Data for the task |

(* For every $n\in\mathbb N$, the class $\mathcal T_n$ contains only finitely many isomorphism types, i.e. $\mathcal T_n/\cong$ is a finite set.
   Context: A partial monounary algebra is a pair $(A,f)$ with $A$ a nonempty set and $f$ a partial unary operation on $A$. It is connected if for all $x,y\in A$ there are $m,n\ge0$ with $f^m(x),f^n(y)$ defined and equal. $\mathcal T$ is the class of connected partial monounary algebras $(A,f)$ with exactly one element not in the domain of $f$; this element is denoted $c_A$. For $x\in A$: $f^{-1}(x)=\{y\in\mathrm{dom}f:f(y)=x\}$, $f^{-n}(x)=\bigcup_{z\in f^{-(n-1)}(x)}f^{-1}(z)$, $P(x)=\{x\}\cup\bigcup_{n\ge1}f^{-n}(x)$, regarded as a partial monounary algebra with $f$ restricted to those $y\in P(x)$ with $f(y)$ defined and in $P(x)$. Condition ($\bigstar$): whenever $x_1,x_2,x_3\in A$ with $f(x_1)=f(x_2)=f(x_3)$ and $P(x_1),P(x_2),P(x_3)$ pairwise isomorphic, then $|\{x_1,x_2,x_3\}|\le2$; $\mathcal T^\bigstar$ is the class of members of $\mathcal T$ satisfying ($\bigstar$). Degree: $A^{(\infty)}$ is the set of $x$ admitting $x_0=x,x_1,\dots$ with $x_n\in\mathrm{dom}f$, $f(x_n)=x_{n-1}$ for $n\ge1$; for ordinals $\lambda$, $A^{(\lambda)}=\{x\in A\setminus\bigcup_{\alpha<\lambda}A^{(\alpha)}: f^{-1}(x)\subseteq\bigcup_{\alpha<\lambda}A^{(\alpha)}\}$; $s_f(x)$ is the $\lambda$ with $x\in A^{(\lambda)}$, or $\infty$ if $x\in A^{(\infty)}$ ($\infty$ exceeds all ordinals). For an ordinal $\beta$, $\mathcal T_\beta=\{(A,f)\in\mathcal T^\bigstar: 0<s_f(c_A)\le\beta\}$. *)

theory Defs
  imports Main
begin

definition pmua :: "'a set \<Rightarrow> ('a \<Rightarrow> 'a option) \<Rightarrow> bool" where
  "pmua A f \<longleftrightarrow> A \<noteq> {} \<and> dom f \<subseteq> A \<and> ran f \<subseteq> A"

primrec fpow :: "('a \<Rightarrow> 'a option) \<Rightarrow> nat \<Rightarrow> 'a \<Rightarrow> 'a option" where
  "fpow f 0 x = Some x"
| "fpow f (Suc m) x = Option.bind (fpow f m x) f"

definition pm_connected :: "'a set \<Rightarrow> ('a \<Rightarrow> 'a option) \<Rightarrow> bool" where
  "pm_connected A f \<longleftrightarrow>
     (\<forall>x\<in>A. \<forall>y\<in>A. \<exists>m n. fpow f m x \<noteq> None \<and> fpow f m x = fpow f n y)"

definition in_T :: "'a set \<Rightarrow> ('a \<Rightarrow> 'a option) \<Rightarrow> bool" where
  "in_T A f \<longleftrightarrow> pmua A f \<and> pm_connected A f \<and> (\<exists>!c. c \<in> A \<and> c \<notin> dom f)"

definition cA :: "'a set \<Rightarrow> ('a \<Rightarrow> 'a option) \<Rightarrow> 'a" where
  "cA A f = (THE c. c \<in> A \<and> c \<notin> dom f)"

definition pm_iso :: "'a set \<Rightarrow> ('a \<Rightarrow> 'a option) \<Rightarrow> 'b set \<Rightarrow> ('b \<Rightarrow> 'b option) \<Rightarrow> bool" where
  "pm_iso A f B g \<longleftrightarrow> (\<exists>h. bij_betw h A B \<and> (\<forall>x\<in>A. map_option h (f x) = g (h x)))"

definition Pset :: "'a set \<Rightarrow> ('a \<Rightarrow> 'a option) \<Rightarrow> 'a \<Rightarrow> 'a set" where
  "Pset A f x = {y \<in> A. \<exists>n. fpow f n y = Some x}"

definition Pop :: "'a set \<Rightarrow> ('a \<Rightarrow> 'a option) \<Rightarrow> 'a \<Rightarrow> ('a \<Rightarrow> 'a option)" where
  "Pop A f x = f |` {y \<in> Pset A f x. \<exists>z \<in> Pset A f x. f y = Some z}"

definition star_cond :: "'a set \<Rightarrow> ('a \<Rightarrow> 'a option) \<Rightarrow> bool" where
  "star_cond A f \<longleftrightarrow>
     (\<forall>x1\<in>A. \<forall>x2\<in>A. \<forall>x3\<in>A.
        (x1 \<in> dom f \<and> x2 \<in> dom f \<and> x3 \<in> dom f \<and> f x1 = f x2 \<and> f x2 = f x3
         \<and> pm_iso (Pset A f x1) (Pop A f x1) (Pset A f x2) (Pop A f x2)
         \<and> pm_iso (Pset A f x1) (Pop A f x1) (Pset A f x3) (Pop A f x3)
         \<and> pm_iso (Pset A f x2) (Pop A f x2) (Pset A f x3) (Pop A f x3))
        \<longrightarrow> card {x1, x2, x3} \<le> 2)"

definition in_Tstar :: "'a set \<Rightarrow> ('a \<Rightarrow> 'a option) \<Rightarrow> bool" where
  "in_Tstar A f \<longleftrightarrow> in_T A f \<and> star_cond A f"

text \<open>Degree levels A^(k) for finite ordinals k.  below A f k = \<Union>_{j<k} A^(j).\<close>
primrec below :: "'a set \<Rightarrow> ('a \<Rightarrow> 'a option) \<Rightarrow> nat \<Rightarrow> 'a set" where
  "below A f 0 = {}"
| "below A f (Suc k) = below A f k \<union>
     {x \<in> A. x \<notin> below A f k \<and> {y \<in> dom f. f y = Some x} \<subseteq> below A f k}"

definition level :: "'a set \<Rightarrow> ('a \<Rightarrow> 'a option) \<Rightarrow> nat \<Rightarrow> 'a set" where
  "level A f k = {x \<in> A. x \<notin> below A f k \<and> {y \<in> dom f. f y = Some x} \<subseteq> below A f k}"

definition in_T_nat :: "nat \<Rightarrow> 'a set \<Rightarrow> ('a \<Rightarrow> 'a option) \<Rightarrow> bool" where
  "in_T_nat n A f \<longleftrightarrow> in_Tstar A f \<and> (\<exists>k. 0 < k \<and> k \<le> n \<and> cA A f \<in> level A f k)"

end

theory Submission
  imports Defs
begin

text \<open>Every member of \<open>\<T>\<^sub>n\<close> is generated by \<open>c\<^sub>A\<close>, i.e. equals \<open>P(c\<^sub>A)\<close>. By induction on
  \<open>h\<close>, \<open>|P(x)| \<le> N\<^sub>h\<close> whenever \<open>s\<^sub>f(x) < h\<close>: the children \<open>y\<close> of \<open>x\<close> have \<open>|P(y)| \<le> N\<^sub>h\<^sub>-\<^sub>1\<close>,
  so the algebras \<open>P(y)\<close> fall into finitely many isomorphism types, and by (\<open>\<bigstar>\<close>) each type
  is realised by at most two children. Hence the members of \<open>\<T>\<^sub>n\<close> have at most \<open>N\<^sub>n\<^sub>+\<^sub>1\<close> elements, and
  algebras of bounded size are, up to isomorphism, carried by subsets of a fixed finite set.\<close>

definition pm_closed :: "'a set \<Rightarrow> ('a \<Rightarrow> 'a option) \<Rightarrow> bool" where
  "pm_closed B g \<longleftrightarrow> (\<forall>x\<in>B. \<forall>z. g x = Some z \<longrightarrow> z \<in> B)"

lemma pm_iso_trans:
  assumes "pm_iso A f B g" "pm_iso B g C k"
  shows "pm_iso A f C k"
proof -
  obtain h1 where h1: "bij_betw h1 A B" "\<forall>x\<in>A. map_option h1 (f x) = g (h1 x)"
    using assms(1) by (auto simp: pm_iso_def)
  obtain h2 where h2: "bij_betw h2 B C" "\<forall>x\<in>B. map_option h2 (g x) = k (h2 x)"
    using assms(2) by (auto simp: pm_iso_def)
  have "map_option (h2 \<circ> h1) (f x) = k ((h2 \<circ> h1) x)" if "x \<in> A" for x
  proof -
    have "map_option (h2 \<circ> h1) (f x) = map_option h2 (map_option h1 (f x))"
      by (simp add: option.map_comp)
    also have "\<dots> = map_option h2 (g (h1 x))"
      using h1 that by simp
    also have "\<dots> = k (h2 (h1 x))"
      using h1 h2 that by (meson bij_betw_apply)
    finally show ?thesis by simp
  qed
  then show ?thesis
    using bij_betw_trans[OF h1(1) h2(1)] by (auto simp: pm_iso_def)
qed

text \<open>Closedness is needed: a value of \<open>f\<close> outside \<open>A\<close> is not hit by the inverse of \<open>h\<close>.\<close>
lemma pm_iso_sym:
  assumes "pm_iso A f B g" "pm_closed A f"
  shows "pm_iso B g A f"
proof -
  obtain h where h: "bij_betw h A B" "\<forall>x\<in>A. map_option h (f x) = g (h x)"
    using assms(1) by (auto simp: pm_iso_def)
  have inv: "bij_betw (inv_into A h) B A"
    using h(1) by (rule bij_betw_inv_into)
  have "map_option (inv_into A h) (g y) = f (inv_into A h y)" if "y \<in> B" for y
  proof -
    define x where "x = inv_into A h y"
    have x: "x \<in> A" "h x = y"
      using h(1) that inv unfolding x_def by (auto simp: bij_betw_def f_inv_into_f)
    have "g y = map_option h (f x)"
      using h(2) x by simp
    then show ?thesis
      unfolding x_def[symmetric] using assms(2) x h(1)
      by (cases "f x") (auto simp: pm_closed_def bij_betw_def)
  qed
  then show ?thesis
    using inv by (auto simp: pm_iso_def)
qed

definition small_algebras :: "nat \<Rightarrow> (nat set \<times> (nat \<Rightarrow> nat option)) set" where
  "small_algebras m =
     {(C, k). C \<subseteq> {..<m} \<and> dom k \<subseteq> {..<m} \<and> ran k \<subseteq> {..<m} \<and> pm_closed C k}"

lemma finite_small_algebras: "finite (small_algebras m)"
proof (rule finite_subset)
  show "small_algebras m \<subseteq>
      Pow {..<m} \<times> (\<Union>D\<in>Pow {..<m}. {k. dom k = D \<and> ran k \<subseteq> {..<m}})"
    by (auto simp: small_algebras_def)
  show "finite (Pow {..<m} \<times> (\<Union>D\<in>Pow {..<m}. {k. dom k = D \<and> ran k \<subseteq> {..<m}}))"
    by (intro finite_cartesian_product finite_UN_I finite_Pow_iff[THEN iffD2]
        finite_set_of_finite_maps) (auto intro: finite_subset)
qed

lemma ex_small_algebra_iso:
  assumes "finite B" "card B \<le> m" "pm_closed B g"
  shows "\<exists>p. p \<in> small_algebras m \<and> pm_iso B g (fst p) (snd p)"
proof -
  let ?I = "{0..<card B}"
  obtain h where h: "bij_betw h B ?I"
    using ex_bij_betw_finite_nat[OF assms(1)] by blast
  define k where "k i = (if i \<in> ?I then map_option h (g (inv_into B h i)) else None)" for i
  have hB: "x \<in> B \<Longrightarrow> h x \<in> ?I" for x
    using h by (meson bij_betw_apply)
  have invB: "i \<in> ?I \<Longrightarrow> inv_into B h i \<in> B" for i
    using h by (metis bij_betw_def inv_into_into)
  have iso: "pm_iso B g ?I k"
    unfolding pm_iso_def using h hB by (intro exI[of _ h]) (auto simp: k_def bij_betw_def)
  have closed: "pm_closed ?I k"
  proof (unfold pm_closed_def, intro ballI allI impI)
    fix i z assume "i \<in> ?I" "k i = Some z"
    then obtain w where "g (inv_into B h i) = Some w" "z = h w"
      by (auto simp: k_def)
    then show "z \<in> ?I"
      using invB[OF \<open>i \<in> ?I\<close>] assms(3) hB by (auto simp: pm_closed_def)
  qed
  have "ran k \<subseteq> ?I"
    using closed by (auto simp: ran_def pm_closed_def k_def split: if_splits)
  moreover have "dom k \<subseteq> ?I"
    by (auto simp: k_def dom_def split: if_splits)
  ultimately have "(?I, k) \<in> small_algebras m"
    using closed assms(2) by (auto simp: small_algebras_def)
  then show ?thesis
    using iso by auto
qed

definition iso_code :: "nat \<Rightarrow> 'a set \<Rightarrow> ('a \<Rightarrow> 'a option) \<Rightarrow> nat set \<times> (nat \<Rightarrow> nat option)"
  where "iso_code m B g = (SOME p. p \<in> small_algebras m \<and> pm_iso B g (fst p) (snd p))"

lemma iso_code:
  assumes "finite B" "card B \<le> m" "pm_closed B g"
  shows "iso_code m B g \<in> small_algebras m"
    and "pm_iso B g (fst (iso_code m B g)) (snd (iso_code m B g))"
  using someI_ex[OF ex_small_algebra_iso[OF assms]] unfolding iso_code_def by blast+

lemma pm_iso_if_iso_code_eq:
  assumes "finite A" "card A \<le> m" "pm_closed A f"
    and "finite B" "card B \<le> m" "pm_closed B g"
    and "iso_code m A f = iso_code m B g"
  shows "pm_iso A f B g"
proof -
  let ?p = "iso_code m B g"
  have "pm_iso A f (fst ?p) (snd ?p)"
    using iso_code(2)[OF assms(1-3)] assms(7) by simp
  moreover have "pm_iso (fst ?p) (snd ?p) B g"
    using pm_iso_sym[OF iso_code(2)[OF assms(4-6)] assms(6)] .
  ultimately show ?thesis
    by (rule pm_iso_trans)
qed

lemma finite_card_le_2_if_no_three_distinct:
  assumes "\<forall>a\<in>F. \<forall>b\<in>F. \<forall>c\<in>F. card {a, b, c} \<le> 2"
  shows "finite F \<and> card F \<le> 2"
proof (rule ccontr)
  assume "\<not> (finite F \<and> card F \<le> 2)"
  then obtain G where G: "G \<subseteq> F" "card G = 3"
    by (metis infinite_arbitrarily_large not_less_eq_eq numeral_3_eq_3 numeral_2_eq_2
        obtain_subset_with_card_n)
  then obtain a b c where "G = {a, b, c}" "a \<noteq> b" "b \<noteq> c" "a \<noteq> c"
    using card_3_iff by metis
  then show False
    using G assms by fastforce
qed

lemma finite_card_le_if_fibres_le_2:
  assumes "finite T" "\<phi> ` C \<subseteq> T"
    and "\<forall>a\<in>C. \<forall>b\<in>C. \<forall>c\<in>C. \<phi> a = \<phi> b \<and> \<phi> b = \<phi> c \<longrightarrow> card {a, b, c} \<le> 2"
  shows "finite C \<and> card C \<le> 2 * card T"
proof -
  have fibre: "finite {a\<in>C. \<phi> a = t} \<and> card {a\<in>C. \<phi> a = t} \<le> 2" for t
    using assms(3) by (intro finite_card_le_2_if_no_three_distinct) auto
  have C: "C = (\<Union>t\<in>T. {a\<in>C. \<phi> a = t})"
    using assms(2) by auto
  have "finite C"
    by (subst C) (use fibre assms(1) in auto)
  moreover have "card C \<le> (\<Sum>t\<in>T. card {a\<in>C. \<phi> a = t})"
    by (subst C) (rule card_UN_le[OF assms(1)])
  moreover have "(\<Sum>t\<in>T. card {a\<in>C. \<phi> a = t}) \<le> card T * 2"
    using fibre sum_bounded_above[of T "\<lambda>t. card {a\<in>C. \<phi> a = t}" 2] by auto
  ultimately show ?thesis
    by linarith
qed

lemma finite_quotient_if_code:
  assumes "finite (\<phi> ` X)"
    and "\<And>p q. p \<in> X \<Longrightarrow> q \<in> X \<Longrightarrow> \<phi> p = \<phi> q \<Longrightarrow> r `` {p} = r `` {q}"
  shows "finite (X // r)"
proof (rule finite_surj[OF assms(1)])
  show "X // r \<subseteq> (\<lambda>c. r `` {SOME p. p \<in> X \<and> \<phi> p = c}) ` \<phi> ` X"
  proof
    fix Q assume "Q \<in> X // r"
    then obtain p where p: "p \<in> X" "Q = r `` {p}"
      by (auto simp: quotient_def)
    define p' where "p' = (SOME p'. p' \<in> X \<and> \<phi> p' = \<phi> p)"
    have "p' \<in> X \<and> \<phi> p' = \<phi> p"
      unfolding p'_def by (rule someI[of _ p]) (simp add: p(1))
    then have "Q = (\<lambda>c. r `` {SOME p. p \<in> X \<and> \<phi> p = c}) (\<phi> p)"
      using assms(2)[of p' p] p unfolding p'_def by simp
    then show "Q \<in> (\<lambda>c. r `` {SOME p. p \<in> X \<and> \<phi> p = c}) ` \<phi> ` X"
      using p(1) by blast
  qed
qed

Exercise description | The required answer is the run of lines above, starting at the line with "using closed by" and ending at the line with "option) \<Rightarrow> nat set", reproduced exactly with both ends.

Result for this task |
    using closed by (auto simp: ran_def pm_closed_def k_def split: if_splits)
  moreover have "dom k \<subseteq> ?I"
    by (auto simp: k_def dom_def split: if_splits)
  ultimately have "(?I, k) \<in> small_algebras m"
    using closed assms(2) by (auto simp: small_algebras_def)
  then show ?thesis
    using iso by auto
qed

definition iso_code :: "nat \<Rightarrow> 'a set \<Rightarrow> ('a \<Rightarrow> 'a option) \<Rightarrow> nat set \<times> (nat \<Rightarrow> nat option)"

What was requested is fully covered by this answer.